### WORK REQUIRED
Take the data below and extract the lines from the one with "using finite_subset finite_imageD" to the one with "M (Suc (Suc", inclusive, exactly as written.

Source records
lemma mpow_mod_eventually_periodic:
  fixes M :: "int^'d^'d"
  assumes "p > 0"
  shows "\<exists>m k. k \<ge> 1 \<and> (\<forall>i j. mpow M (k + m) $ i $ j mod p^s = mpow M m $ i $ j mod p^s)"
proof -
  define f where "f n = (\<chi> i j. mpow M n $ i $ j mod p^s)" for n
  have "range f \<subseteq> {A :: int^'d^'d. \<forall>i. A $ i \<in> Vs p s}"
    using assms by (auto simp: f_def Vs_def)
  moreover have "finite {A :: int^'d^'d. \<forall>i. A $ i \<in> Vs p s}"
    by (rule finite_vec_componentwise[OF finite_Vs])
  ultimately have "\<not> inj f"
    using finite_subset finite_imageD infinite_UNIV_nat by blast
  then obtain a b where "a < b" and "f a = f b"
    unfolding inj_def by (metis linorder_neqE_nat)
  then show ?thesis
    by (intro exI[of _ a] exI[of _ "b - a"]) (simp add: f_def vec_eq_iff)
qed

lemma mexp_cong:
  assumes "p > 0"
  shows "\<exists>k\<ge>1. mat_cong (p^s) (mpow M (mexp p s M + k)) (mpow M (mexp p s M))"
proof -
  have "\<exists>k\<ge>1. \<forall>i j. mpow M (k + mexp p s M) $ i $ j mod p^s = mpow M (mexp p s M) $ i $ j mod p^s"
    unfolding mexp_def by (rule LeastI_ex) (use mpow_mod_eventually_periodic[OF assms] in blast)
  then show ?thesis
    by (metis add.commute mat_cong_if_entries)
qed

lemma mat_cong_mpow_periodic:
  assumes period: "mat_cong q (mpow M (m + k)) (mpow M m)" and "m \<le> n"
  shows "mat_cong q (mpow M (n + t * k)) (mpow M n)"
proof (induction t)
  case 0
  then show ?case
    by (simp add: mat_cong_refl)
next
  case (Suc t)
  have "mat_cong q (mpow M ((n + t * k - m) + (m + k))) (mpow M ((n + t * k - m) + m))"
    using mat_cong_mult_left[OF period, of "mpow M (n + t * k - m)"] by (simp only: mpow_add)
  moreover have "(n + t * k - m) + (m + k) = n + Suc t * k" and "(n + t * k - m) + m = n + t * k"
    using assms(2) by simp_all
  ultimately have "mat_cong q (mpow M (n + Suc t * k)) (mpow M (n + t * k))"
    by simp
  then show ?case
    using Suc.IH by (rule mat_cong_trans)
qed

lemma mat_cong_mpow_idempotent:
  assumes "idempotent_mod q (mpow M e)"
  shows "mat_cong q (mpow M (Suc j * e)) (mpow M e)"
proof (induction j)
  case 0
  then show ?case
    by (simp add: mat_cong_refl)
next
  case (Suc j)
  have "mat_cong q (mpow M (Suc (Suc j) * e)) (mpow M e ** mpow M e)"
    using mat_cong_mult_left[OF Suc.IH, of "mpow M e"] by (simp add: mpow_add[symmetric])
  then show ?case
    using assms unfolding idempotent_mod_def by (rule mat_cong_trans)
qed

lemma Tmap_funpow: "x \<in> Vs p s \<Longrightarrow> (Tmap p s M ^^ n) x = vred p s (mpow M n *v x)"
  by (induction n)
    (simp_all add: vred_ident Tmap_def mpow_Suc vred_matrix_vector_mult_vred matrix_vector_mul_assoc)

lemma Per_eq_fixed_points:
  assumes "e \<ge> 1" and idem: "idempotent_mod (p^s) (mpow M e)"
  shows "Per p s M = fixed_points p s (mpow M e)"
proof
  show "Per p s M \<subseteq> fixed_points p s (mpow M e)"
  proof
    fix x assume "x \<in> Per p s M"
    then obtain k where x: "x \<in> Vs p s" and "k \<ge> 1" and period: "(Tmap p s M ^^ k) x = x"
      unfolding Per_def by blast
    have "((Tmap p s M ^^ k) ^^ e) x = x" for e
      by (induction e) (simp_all add: period)
    then have "vred p s (mpow M (k * e) *v x) = x"
      using Tmap_funpow[OF x] by (simp add: funpow_mult)
    moreover obtain j where "k = Suc j"
      using \<open>k \<ge> 1\<close> by (cases k) auto
    then have "vred p s (mpow M (k * e) *v x) = vred p s (mpow M e *v x)"
      using mat_cong_mpow_idempotent[OF idem, of j] unfolding vred_eq_iff mat_cong_def by blast
    ultimately have "vec_dvd (p^s) (mpow M e *v x - x)"
      using vec_dvd_vred_diff[of p s "mpow M e *v x"] by (simp add: vec_dvd_diff_commute)
    with x show "x \<in> fixed_points p s (mpow M e)"
      by (simp add: fixed_points_def fixed_mod_def)
  qed
  show "fixed_points p s (mpow M e) \<subseteq> Per p s M"
  proof
    fix x assume "x \<in> fixed_points p s (mpow M e)"
    then have x: "x \<in> Vs p s" and "vec_dvd (p^s) (mpow M e *v x - x)"
      by (simp_all add: fixed_points_def fixed_mod_def)
    then have "(Tmap p s M ^^ e) x = x"
      by (simp add: Tmap_funpow vred_ident flip: vred_eq_iff[of p s "mpow M e *v x" x])
    with x assms(1) show "x \<in> Per p s M"
      unfolding Per_def by blast
  qed
qed

lemma Ker_eq_fixed_points:
  assumes period: "mat_cong (p^s) (mpow M (m + k)) (mpow M m)" and "k \<ge> 1" and "m \<le> e"
  shows "Ker p s (mpow M m) = fixed_points p s (mat 1 - mpow M e)"
proof -
  have "vec_dvd (p^s) (mpow M m *v x) \<longleftrightarrow> vec_dvd (p^s) (mpow M e *v x)" for x
  proof
    assume "vec_dvd (p^s) (mpow M m *v x)"
    then have "vec_dvd (p^s) (mpow M (e - m) *v (mpow M m *v x))"
      by (rule vec_dvd_matrix_vector_mult)
    with \<open>m \<le> e\<close> show "vec_dvd (p^s) (mpow M e *v x)"
      by (simp add: matrix_vector_mul_assoc mpow_add[symmetric])
  next
    assume Ex: "vec_dvd (p^s) (mpow M e *v x)"
    have "m + e * k = (m + e * k - e) + e"
      using \<open>k \<ge> 1\<close> by (simp add: trans_le_add2)
    then have "mpow M (m + e * k) = mpow M (m + e * k - e) ** mpow M e"
      by (metis mpow_add)
    then have "vec_dvd (p^s) (mpow M (m + e * k) *v x)"
      using vec_dvd_matrix_vector_mult[OF Ex] by (simp add: matrix_vector_mul_assoc[symmetric])
    moreover have "vec_dvd (p^s) (mpow M (m + e * k) *v x - mpow M m *v x)"
      using mat_cong_mpow_periodic[OF period order_refl, of e] unfolding mat_cong_def by blast
    ultimately show "vec_dvd (p^s) (mpow M m *v x)"
      using vec_dvd_diff by fastforce
  qed
  then show ?thesis
    by (auto simp: Ker_def fixed_points_def fixed_mod_complement_iff vred_eq_0_iff)
qed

### ANSWER TO THE PROBLEM
    using finite_subset finite_imageD infinite_UNIV_nat by blast
  then obtain a b where "a < b" and "f a = f b"
    unfolding inj_def by (metis linorder_neqE_nat)
  then show ?thesis
    by (intro exI[of _ a] exI[of _ "b - a"]) (simp add: f_def vec_eq_iff)
qed

lemma mexp_cong:
  assumes "p > 0"
  shows "\<exists>k\<ge>1. mat_cong (p^s) (mpow M (mexp p s M + k)) (mpow M (mexp p s M))"
proof -
  have "\<exists>k\<ge>1. \<forall>i j. mpow M (k + mexp p s M) $ i $ j mod p^s = mpow M (mexp p s M) $ i $ j mod p^s"
    unfolding mexp_def by (rule LeastI_ex) (use mpow_mod_eventually_periodic[OF assms] in blast)
  then show ?thesis
    by (metis add.commute mat_cong_if_entries)
qed

lemma mat_cong_mpow_periodic:
  assumes period: "mat_cong q (mpow M (m + k)) (mpow M m)" and "m \<le> n"
  shows "mat_cong q (mpow M (n + t * k)) (mpow M n)"
proof (induction t)
  case 0
  then show ?case
    by (simp add: mat_cong_refl)
next
  case (Suc t)
  have "mat_cong q (mpow M ((n + t * k - m) + (m + k))) (mpow M ((n + t * k - m) + m))"
    using mat_cong_mult_left[OF period, of "mpow M (n + t * k - m)"] by (simp only: mpow_add)
  moreover have "(n + t * k - m) + (m + k) = n + Suc t * k" and "(n + t * k - m) + m = n + t * k"
    using assms(2) by simp_all
  ultimately have "mat_cong q (mpow M (n + Suc t * k)) (mpow M (n + t * k))"
    by simp
  then show ?case
    using Suc.IH by (rule mat_cong_trans)
qed

lemma mat_cong_mpow_idempotent:
  assumes "idempotent_mod q (mpow M e)"
  shows "mat_cong q (mpow M (Suc j * e)) (mpow M e)"
proof (induction j)
  case 0
  then show ?case
    by (simp add: mat_cong_refl)
next
  case (Suc j)
  have "mat_cong q (mpow M (Suc (Suc j) * e)) (mpow M e ** mpow M e)"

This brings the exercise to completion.